Add Sunshine To Your Garden
Need a little chartreuse-lemon to 'pop' the darker areas of your landscape? Look no farther than this relatively new, wonderful bush!
Guaranteed to brighten the shady areas of your garden with its chartreuse foliage on salmon-red twigs, Illicium parviflorum 'Florida Sunshine' anise bush also bears white flowers in late spring. A hybrid seedling collected by Tony Avent, owner of Plant Delights in Raleigh, NC, this broadleaf evergreen shrub attains an upright (5' x 5'), rounded shape with open branches, especially in very shady situations.
Tony reports: "We brought three golden seedlings of the rare Florida endemic Illicium parviflorum back from a 2000 visit to Florida plantsman, Charles Webb. After several years of evaluation, we selected one plant for introduction as Illicium 'Florida Sunshine'. Our 9-year-old specimen has become a small shrub to 5' tall x 4' wide of anise-fragranced, chartreuse gold foliage during the spring and summer.

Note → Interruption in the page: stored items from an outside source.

theorem claim3:
  fixes G :: "('v, 'e) mgraph" and T :: "'v set" and \<C> :: "'v set set"
    and S' :: "'v set set" and E' :: "'e set" and \<alpha> :: real
  assumes "wf_mgraph G"
    and "T \<subseteq> verts G"
    and "legal_collection G T \<C>"
    and "S' \<subseteq> verts (contract G \<C>) - (\<lambda>t. {t}) ` T"
    and "well_linked_for (contract G \<C>) \<alpha> S' E'"
    and "\<alpha> < 1"
  shows "well_linked_for G (\<alpha> / 3) (\<Union> S') E'"
proof -
  have "pairwise disjnt \<C>" and "\<forall>C\<in>\<C>. well_linked G (1/3) C"
    using assms(3) by (auto simp: legal_collection_def good_router_def pairwise_def disjnt_def)
  with assms have "well_linked_for G (\<alpha> * (1/3)) (\<Union>S') E'"
    by (intro well_linked_for_contract) auto
  then show ?thesis by simp
qed

end
definition dpp_supersol :: "'n::finite pt set \<Rightarrow> ('n pt \<Rightarrow> real) set \<Rightarrow> ('n pt \<Rightarrow> real)
    \<Rightarrow> (real \<Rightarrow> 'n pt \<Rightarrow> ('n pt \<Rightarrow> real) \<Rightarrow> real \<Rightarrow> real) \<Rightarrow> real \<Rightarrow> ('n pt \<Rightarrow> real) \<Rightarrow> bool" where
  "dpp_supersol \<Omega> X g A \<rho> u \<longleftrightarrow> u \<in> Xbar \<and> (\<forall>x. x \<notin> \<Omega> \<longrightarrow> g x \<le> u x) \<and>
     (\<forall>x\<in>\<Omega>. \<forall>\<phi>\<in>X. (\<forall>y. \<phi> y \<le> u y) \<longrightarrow> 0 \<le> A \<rho> x \<phi> (u x))"

definition dpp_subsol :: "'n::finite pt set \<Rightarrow> ('n pt \<Rightarrow> real) set \<Rightarrow> ('n pt \<Rightarrow> real)
    \<Rightarrow> (real \<Rightarrow> 'n pt \<Rightarrow> ('n pt \<Rightarrow> real) \<Rightarrow> real \<Rightarrow> real) \<Rightarrow> real \<Rightarrow> ('n pt \<Rightarrow> real) \<Rightarrow> bool" where
  "dpp_subsol \<Omega> X g A \<rho> u \<longleftrightarrow> u \<in> Xbar \<and> (\<forall>x. x \<notin> \<Omega> \<longrightarrow> u x \<le> g x) \<and>
     (\<forall>x\<in>\<Omega>. \<forall>\<phi>\<in>X. (\<forall>y. u y \<le> \<phi> y) \<longrightarrow> A \<rho> x \<phi> (u x) \<le> 0)"

definition dpp_sol where
  "dpp_sol \<Omega> X g A \<rho> u \<longleftrightarrow> dpp_supersol \<Omega> X g A \<rho> u \<and> dpp_subsol \<Omega> X g A \<rho> u"
lemma P_out_IR_between_powers:
  fixes M :: nat and R :: real
  defines "\<alpha> \<equiv> 2 powr (R / (M + 1)) - 1" and "\<beta> \<equiv> 2 powr R - 1"
  assumes "0 < R" "0 \<le> c" "0 \<le> C"
    and jpdf_bounds: "\<And>x. x \<in> corner_cube M \<epsilon> \<Longrightarrow>
       c * (\<Prod>k<M. x k) \<le> jpdf M \<sigma> lam x \<and> jpdf M \<sigma> lam x \<le> C * (\<Prod>k<M. x k)"
    and "0 \<le> \<epsilon>" "0 < \<gamma>" "\<beta> / \<gamma> \<le> \<epsilon>^2"
  shows "c * (\<alpha> / 2)^M / \<gamma> powr M \<le> P_out_IR M \<sigma> lam R \<gamma>
    \<and> P_out_IR M \<sigma> lam R \<gamma> \<le> C * (\<beta> / 2)^M / \<gamma> powr M"
proof -
  have "0 < \<alpha>" "0 < \<beta>"
    using \<open>0 < R\<close> by (simp_all add: \<alpha>_def \<beta>_def)
  have "sqrt (\<beta> / \<gamma>) \<le> \<epsilon>"
    using real_sqrt_le_mono[OF \<open>\<beta> / \<gamma> \<le> \<epsilon>^2\<close>] \<open>0 \<le> \<epsilon>\<close> by simp
  then have "x \<in> corner_cube M \<epsilon>" if "x \<in> outage_set M R \<gamma>" for x
    using outage_set_subset_corner_cube[OF \<open>0 < \<gamma>\<close>, of M R] that
    by (fastforce simp: corner_cube_def \<beta>_def)
  then have "c * (sqrt (\<alpha> / \<gamma>)^2 / 2)^M \<le> P_out_IR M \<sigma> lam R \<gamma>
      \<and> P_out_IR M \<sigma> lam R \<gamma> \<le> C * (sqrt (\<beta> / \<gamma>)^2 / 2)^M"
    unfolding P_out_IR_def
    using corner_cube_subset_outage_set[OF \<open>0 < \<gamma>\<close> \<open>0 < R\<close>, of M, folded \<alpha>_def]
      outage_set_subset_corner_cube[OF \<open>0 < \<gamma>\<close>, of M R, folded \<beta>_def]
      \<open>0 < \<gamma>\<close> \<open>0 < \<alpha>\<close> \<open>0 < \<beta>\<close> \<open>0 \<le> c\<close> \<open>0 \<le> C\<close> jpdf_bounds
    by (intro set_integral_between_corner_cubes borel_measurable_jpdf pred_outage_set) auto
  then show ?thesis
    using \<open>0 < \<gamma>\<close> \<open>0 < \<alpha>\<close> \<open>0 < \<beta>\<close> by (simp add: powr_realpow power_divide mult.commute)
qed
(* Let $m\ge1$, $r\ge1$, and let $A_0,\dots,A_r$ be $\mathfrak{gl}_m$-valued functions satisfying the Takiff Poisson relations $\{A_i\overset{\otimes}{,}A_j\}=[\Pi,\mathbb I\otimes A_{i+j}]$ for $i+j\le r$ and $\{A_i\overset{\otimes}{,}A_j\}=0$ for $i+j>r$. For constants $T_{ij}\in\mathbb C$ ($i,j=0,\dots,r$) set $B_i=\sum_{j=0}^rT_{ij}A_j$. Then the $B_i$ satisfy the same relations ($\{B_i\overset{\otimes}{,}B_j\}=[\Pi,\mathbb I\otimes B_{i+j}]$ for $i+j\le r$, $0$ otherwise) if and only if the $T_{ij}$ satisfy $$T_{00}=1;\quad T_{0k}=0\ (k>0);\quad T_{k0}=0\ (k>0);\quad T_{ik}=0\ (k<i);\quad T_{sl}=\sum_{i,j>0,\ i+j=l}T_{pi}T_{mj}\ \text{ for all }p,m>0\text{ with }p+m=s.$$ Moreover, if $\mathcal P\subset\mathbb C[T_{00},\dots,T_{rr}]$ denotes the ideal generated by these equations, there is a ring isomorphism $\mathcal Q:\mathbb C[T_{00},\dots,T_{rr}]/\mathcal P\to\mathbb C[t_1,\dots,t_r]$ with $\mathcal Q(T_{1i})=t_i$ ($i\ge1$) and, for all $k,i$, $\mathcal Q(T_{ki})=\frac1{i!}\frac{d^i}{d\varepsilon^i}P_r(t,\varepsilon)^k\big|_{\varepsilon=0}$, the coefficient of $\varepsilon^i$ in $P_r(t,\varepsilon)^k$, where $P_r(t,\varepsilon)=\sum_{i=1}^r\varepsilon^it_i$.
   Context: $\{X\overset{\otimes}{,}Y\}=\sum\{X_{ab},Y_{cd}\}E_{ab}\otimes E_{cd}$, and $\Pi=\sum_{a,b}E_{ab}\otimes E_{ba}$ is the permutation operator on $\mathbb C^m\otimes\mathbb C^m$. These relations are the Lie–Poisson bracket on the dual of the Takiff algebra $\mathfrak{gl}_m[z]/z^{r+1}$ for elements $\sum_kA_kz^{-k-1}$. Equivalently, the coefficient of $\varepsilon^i$ in $P_r^k$ is $\sum_{|\alpha|=k,\,w(\alpha)=i}\frac{k!}{\alpha_1!\cdots\alpha_r!}\prod_lt_l^{\alpha_l}$ with $|\alpha|=\sum\alpha_l$, $w(\alpha)=\sum l\alpha_l$. *)

theory Defs
  imports "HOL-Algebra.QuotRing" "HOL-Library.Poly_Mapping"
    "HOL-Computational_Algebra.Polynomial"
begin

text \<open>A polynomial in variables of type 'v is a finitely supported map from monomials
  (finitely supported exponent vectors 'v =>0 nat) to complex coefficients.
  poly_ring V is the ring C[x_v : v in V]: polynomials all of whose monomials only
  involve variables from V.\<close>

definition poly_ring :: "'v set \<Rightarrow> ((('v \<Rightarrow>\<^sub>0 nat) \<Rightarrow>\<^sub>0 complex)) ring" where
  "poly_ring V = \<lparr>carrier = {p :: (('v \<Rightarrow>\<^sub>0 nat) \<Rightarrow>\<^sub>0 complex). \<forall>\<mu>\<in>Poly_Mapping.keys p. Poly_Mapping.keys \<mu> \<subseteq> V},
                  Group.monoid.mult = (*), Group.monoid.one = 1, Ring.ring.zero = 0, Ring.ring.add = (+)\<rparr>"

definition mvar :: "'v \<Rightarrow> ('v \<Rightarrow>\<^sub>0 nat) \<Rightarrow>\<^sub>0 complex" where
  "mvar v = Poly_Mapping.single (Poly_Mapping.single v 1) 1"

text \<open>C[T_00,...,T_rr]: variable T_ij is mvar (i,j).\<close>
abbreviation Tring :: "nat \<Rightarrow> (((nat \<times> nat) \<Rightarrow>\<^sub>0 nat) \<Rightarrow>\<^sub>0 complex) ring" where
  "Tring r \<equiv> poly_ring ({0..r} \<times> {0..r})"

"As the weather cools in the fall, the leaf color brightens to screaming yellow, then to a near 'parchment' color by midwinter. During the same time, the upper stems take on a brilliant red cast, contrasting vividly with the leaves. In sun, the winter foliage will scorch, so we recommend this be grown in light shade ... a stunning beacon in the winter garden."
The evergreen leathery leaves are glossy and elongated ovals, emerging a bright chartreuse and maturing to a mild chartreuse or yellow-green. In late spring, white flowers are borne from the branches. Each blossom has many tepals (false petals), is not-so-pleasantly fragrant (smells like a wet dog!), and dangles downward. The penny-size fruits ripen from an olive color to brown and have the scent of anise, when crushed. They look like tiny pumpkins!
Grow 'Florida Sunshine' in a lightly acid, organic-rich soil that is moist. This plant is best located in partial shade with morning sun to protect the foliage from bleaching to pale yellow or simply scorching. It is hardy in USDA zones 7 (our zone) to 10, and is not foraged by hungry deer.
My bush (this is its first year in my garden) really is a wonderful addition; certainly a 'pop' of sunshine especially as we move into winter!
Nancy Burns is a certified Master Gardener, Belle Haven Garden Club President for the past six years, co-author of two award-winning gardening books, member of the Landscape Designers' Group and the Landscape Design Council as well as being completely fascinated with gardening.
Eleni Silverman
9:03 am on Tuesday, November 29, 2011
Great column Nancy! Thanks for the introduction to this versatile new shrub.
Eleni Silverman
9:04 am on Tuesday, November 29, 2011
Love this column...always learning about new plant material hardy to our zone.